# Hello, from S E Ohio



## Redeemingacres (Dec 30, 2012)

Hello my name Brad, I am a new beekeeper w/2 hives (more this spring) and operate a small hobby farm. We are an organic farm and trying to read every thing I can about organic beekeeping. This is a great site.


----------



## Rader Sidetrack (Nov 30, 2011)

Welcome to Beesource!

Just a comment about your goal of "organic beekeeping," since bees fly where they choose over many thousands of acres, except in very special circumstances, you really can't control what they forage on. You are, however, able to control whether the bees are "treated" in the hive, or not treated.

You will see that there are plenty of _heated discussions _:lookout: about "treatment free" beekeeping here at Beesource, but relatively little about "organic", likely due to the difficulty of controlling how the bees forage.

And if you haven't yet found Michael Bush's site, its worth a look:
http://www.bushfarms.com/bees.htm


----------



## Redeemingacres (Dec 30, 2012)

Thanks for the clarification Radar,what I am trying to accomplish is treatment free beekeeping.


----------



## DBeeCooper (Apr 28, 2010)

Welcome Brad! Hope your hives are doing well so far this winter. Did you guys get a lot of snow last night?

FYI-since bees fly 2 or 3 miles to forage, and you don't know exactly where all they've been -they won't let you call your honey organic. Which doesn't mean you can't do everything that you control in organic way.
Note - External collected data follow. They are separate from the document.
(* Let $n,k,d$ be integers with $1\le k\le d<n$, let $\alpha,\gamma>0$, and let $j$ be an integer with $0\le j\le k-1$. Then $$C^{\mathrm{exact}}_{n,k,d}(\alpha,\gamma)\ \ge\ \frac{n}{n-j}\, C^{\mathrm{exact}}_{n-j,k-j,d-j}(\alpha,\gamma).$$
   Context: A distributed storage system (DSS) with parameters $(n,k,d)$ stores a file across $n$ nodes, each storing an amount $\alpha$ of information (e.g. $\alpha$ symbols over a finite field, where symbols may be split into arbitrarily many sub-symbols), such that the file can be reconstructed from the contents of any $k$ nodes, and any lost node can be repaired by contacting any $d$ of the remaining nodes, each of which transmits an amount $\beta$ to the replacement node, for a total repair bandwidth $\gamma=d\beta$. Repair is exact: the replacement node stores exactly the same content as the lost node. $C^{\mathrm{exact}}_{n,k,d}(\alpha,\gamma)$ denotes the maximum size of a file that can be stored by such an exact-repair DSS with $n$ nodes, node size $\alpha$ and total repair bandwidth $\gamma$. *)

theory Defs
  imports Complex_Main "HOL-Library.FuncSet"
begin

text \<open>Node i stores at most alpha q-ary symbols: it takes at most q powr alpha values.  Sub-symbol splitting is covered by allowing arbitrary q
  (e.g. q^L).\<close>

definition exact_repair_code ::
  "nat \<Rightarrow> nat \<Rightarrow> nat \<Rightarrow> real \<Rightarrow> real \<Rightarrow> nat \<Rightarrow> nat set \<Rightarrow> (nat \<Rightarrow> nat \<Rightarrow> nat) \<Rightarrow> bool"
where
  "exact_repair_code n k d \<alpha> \<gamma> q M c \<longleftrightarrow>
     finite M \<and> M \<noteq> {} \<and>
     (\<forall>i<n. real (card (c i ` M)) \<le> real q powr \<alpha>) \<and>
     (\<forall>K. K \<subseteq> {..<n} \<and> card K = k \<longrightarrow>
        (\<exists>dec :: (nat \<Rightarrow> nat) \<Rightarrow> nat. \<forall>m\<in>M. dec (restrict (\<lambda>i. c i m) K) = m)) \<and>
     (\<forall>i<n. \<forall>D. D \<subseteq> {..<n} - {i} \<and> card D = d \<longrightarrow>
        (\<exists>(\<phi> :: nat \<Rightarrow> nat \<Rightarrow> nat) (\<psi> :: (nat \<Rightarrow> nat) \<Rightarrow> nat).
           (\<forall>h\<in>D. real (card ((\<lambda>m. \<phi> h (c h m)) ` M)) \<le> real q powr (\<gamma> / real d)) \<and>
           (\<forall>m\<in>M. \<psi> (restrict (\<lambda>h. \<phi> h (c h m)) D) = c i m)))"
(* Let $D\subset\mathbb{C}$ be an open disk centered at $0$, $f_1,\dots,f_p:D\to\mathbb{C}$ analytic, $A_1,\dots,A_p\in\mathbb{C}^{n\times n}$ with $M(\lambda)=\sum_{m=1}^p f_m(\lambda)A_m$ satisfying $M(\lambda)^T=M(\lambda)$ on $D$, and $M_j:=M^{(j)}(0)$. Let $\mathbf{C}=[c_{i,j}]$ be the infinite matrix determined by $c_{i,1}=1/(i+1)$ ($i\ge1$) and $c_{i-1,j}=\frac{j}{i}c_{i,j-1}$ ($i,j>1$); let $\mathbf{S}$ be the infinite block matrix with $S_{1,1}=I$, $S_{1,j}=S_{j,1}=0$ ($j\ge2$), $S_{i,j}=c_{i-1,j-1}M_{i+j-2}$ ($i,j\ge2$); let $\mathbf{A}=\operatorname{diag}(-M_0,I,I,\dots)$; and let $\mathbf{B}$ have first block row $(M_1,\frac12M_2,\frac13M_3,\dots)$, blocks $\frac1jI$ in positions $(j+1,j)$, and zeros elsewhere. For a positive integer $N$, $[\mathbf{X}]_N$ denotes the leading $Nn\times Nn$ submatrix formed by the first $N\times N$ blocks. Let $k$ be a positive integer with $k+1\le N$, assume $[\mathbf{S}]_{2N}$ is invertible (and $[\mathbf{S}\mathbf{A}]_N$ is invertible, as implicit in the statement). Let $q_k\in\mathbb{C}^{Nn}$ be a vector, viewed as $N$ blocks in $\mathbb{C}^n$, such that only its first $k$ blocks are nonzero, these being the columns of $Q_k=[\tilde q_1,\dots,\tilde q_k]\in\mathbb{C}^{n\times k}$. Then only the first $k+1$ blocks of $w=[\mathbf{S}\mathbf{A}]_N^{-1}[\mathbf{S}\mathbf{B}]_Nq_k$ are nonzero, and these are the columns of $W=[w_1,\dots,w_{k+1}]$ given by $$W=w_1e_1^T+Q_kD,\qquad w_1=-M_0^{-1}\sum_{j=1}^k\frac{M_j}{j}\tilde q_j,$$ where $D\in\mathbb{R}^{k\times(k+1)}$ has entries $d_{j,j+1}=1/j$ ($j=1,\dots,k$) and all other entries zero, and $e_1\in\mathbb{R}^{k+1}$ is the first unit vector.
   Context: Matrices and vectors are complex; transpose $^T$ is the plain (non-conjugate) transpose. *)

theory Defs
  imports "HOL-Analysis.Complex_Analysis_Basics" "HOL-Analysis.Infinite_Sum"
    "Jordan_Normal_Form.Gauss_Jordan_Elimination"
begin

definition Mfun :: "nat \<Rightarrow> nat \<Rightarrow> (nat \<Rightarrow> complex \<Rightarrow> complex) \<Rightarrow> (nat \<Rightarrow> complex mat)
    \<Rightarrow> complex \<Rightarrow> complex mat" where
  "Mfun n p f A z = Matrix.mat n n (\<lambda>(a,b). \<Sum>m\<in>{1..p}. f m z * A m $$ (a,b))"

definition Mder :: "nat \<Rightarrow> nat \<Rightarrow> (nat \<Rightarrow> complex \<Rightarrow> complex) \<Rightarrow> (nat \<Rightarrow> complex mat)
    \<Rightarrow> nat \<Rightarrow> complex mat" where
  "Mder n p f A j = Matrix.mat n n (\<lambda>(a,b). (deriv ^^ j) (\<lambda>z. Mfun n p f A z $$ (a,b)) 0)"

text \<open>Coefficients c_{i,j} (1-based): c_{i,1} = 1/(i+1), c_{i,j+1} = (j+1)/(i+1) c_{i+1,j},
  which is the relation c_{i-1,j} = j/i c_{i,j-1}.  Index 0 values are never used.\<close>
fun cc :: "nat \<Rightarrow> nat \<Rightarrow> complex" where
  "cc i 0 = 0"
| "cc i (Suc 0) = 1 / of_nat (i + 1)"
| "cc i (Suc (Suc j)) = of_nat (j + 2) / of_nat (i + 1) * cc (i + 1) (Suc j)"

text \<open>An infinite block matrix is given by its n x n blocks F i j (i, j \<ge> 1);
  it is represented as an infinite scalar matrix with 0-based scalar indices.\<close>
definition blockmat :: "nat \<Rightarrow> (nat \<Rightarrow> nat \<Rightarrow> complex mat) \<Rightarrow> nat \<Rightarrow> nat \<Rightarrow> complex" where
  "blockmat n F a b = F (a div n + 1) (b div n + 1) $$ (a mod n, b mod n)"

definition imat_mult :: "(nat \<Rightarrow> nat \<Rightarrow> complex) \<Rightarrow> (nat \<Rightarrow> nat \<Rightarrow> complex) \<Rightarrow> nat \<Rightarrow> nat \<Rightarrow> complex" where
  "imat_mult X Y a b = infsum (\<lambda>c. X a c * Y c b) UNIV"

definition lead :: "nat \<Rightarrow> nat \<Rightarrow> (nat \<Rightarrow> nat \<Rightarrow> complex) \<Rightarrow> complex mat" where
  "lead n N X = Matrix.mat (N * n) (N * n) (\<lambda>(a,b). X a b)"

definition Sblk :: "nat \<Rightarrow> (nat \<Rightarrow> complex mat) \<Rightarrow> nat \<Rightarrow> nat \<Rightarrow> complex mat" where
  "Sblk n Md i j = (if i = 1 \<and> j = 1 then 1\<^sub>m n
      else if i = 1 \<or> j = 1 then 0\<^sub>m n n
      else cc (i - 1) (j - 1) \<cdot>\<^sub>m Md (i + j - 2))"

definition Ablk :: "nat \<Rightarrow> (nat \<Rightarrow> complex mat) \<Rightarrow> nat \<Rightarrow> nat \<Rightarrow> complex mat" where
  "Ablk n Md i j = (if i \<noteq> j then 0\<^sub>m n n else if i = 1 then - Md 0 else 1\<^sub>m n)"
Generally, it follows Treatment Free, but there's more to it than just that, of course.


----------



## WWW (Feb 6, 2011)

Welcome Brad, you are not too far from me


----------



## Lazer128 (Dec 15, 2012)

Welcome to the site Brad. It is a great site!


----------



## cg3 (Jan 16, 2011)

Hey, Brad. We're pretty close. I'm between Athens and Nelsonville. Welcome to the site.


----------



## AmericasBeekeeper (Jan 24, 2010)

Welcome Brad!


----------



## ubiewan (Oct 25, 2012)

Welcome Brad~we are NE Ohio beekeepers. Glad to have you as a member. This is a wonderful site.


----------



## KQ6AR (May 13, 2008)

Hi Brad, there is a label that's easier to get than organic, its called naturally grown.
http://www.naturallygrown.org/programs/apiary-standards


----------



## ycitybz (Jan 2, 2012)

Hello Brad and welcome to the world of addicted Beekeepers 
Make sure to join your local club as they will be able to provide answers to any questions you may have. Here is the site I found for your area and you're always welcome to come up to east central ohio Beekeepers. (E-coba.org)
HOCKING COUNTY BEEKEEPERS ASSN.
Annette McClain
20193 SR 328
New Plymouth OH 45654 740/385-5305 [email protected] [email protected]


----------



## cg3 (Jan 16, 2011)

Or, if you're willing to come to Athens, you'd be welcome at Athens County Area Beekeepers. Next meeting is Jan. 17.


----------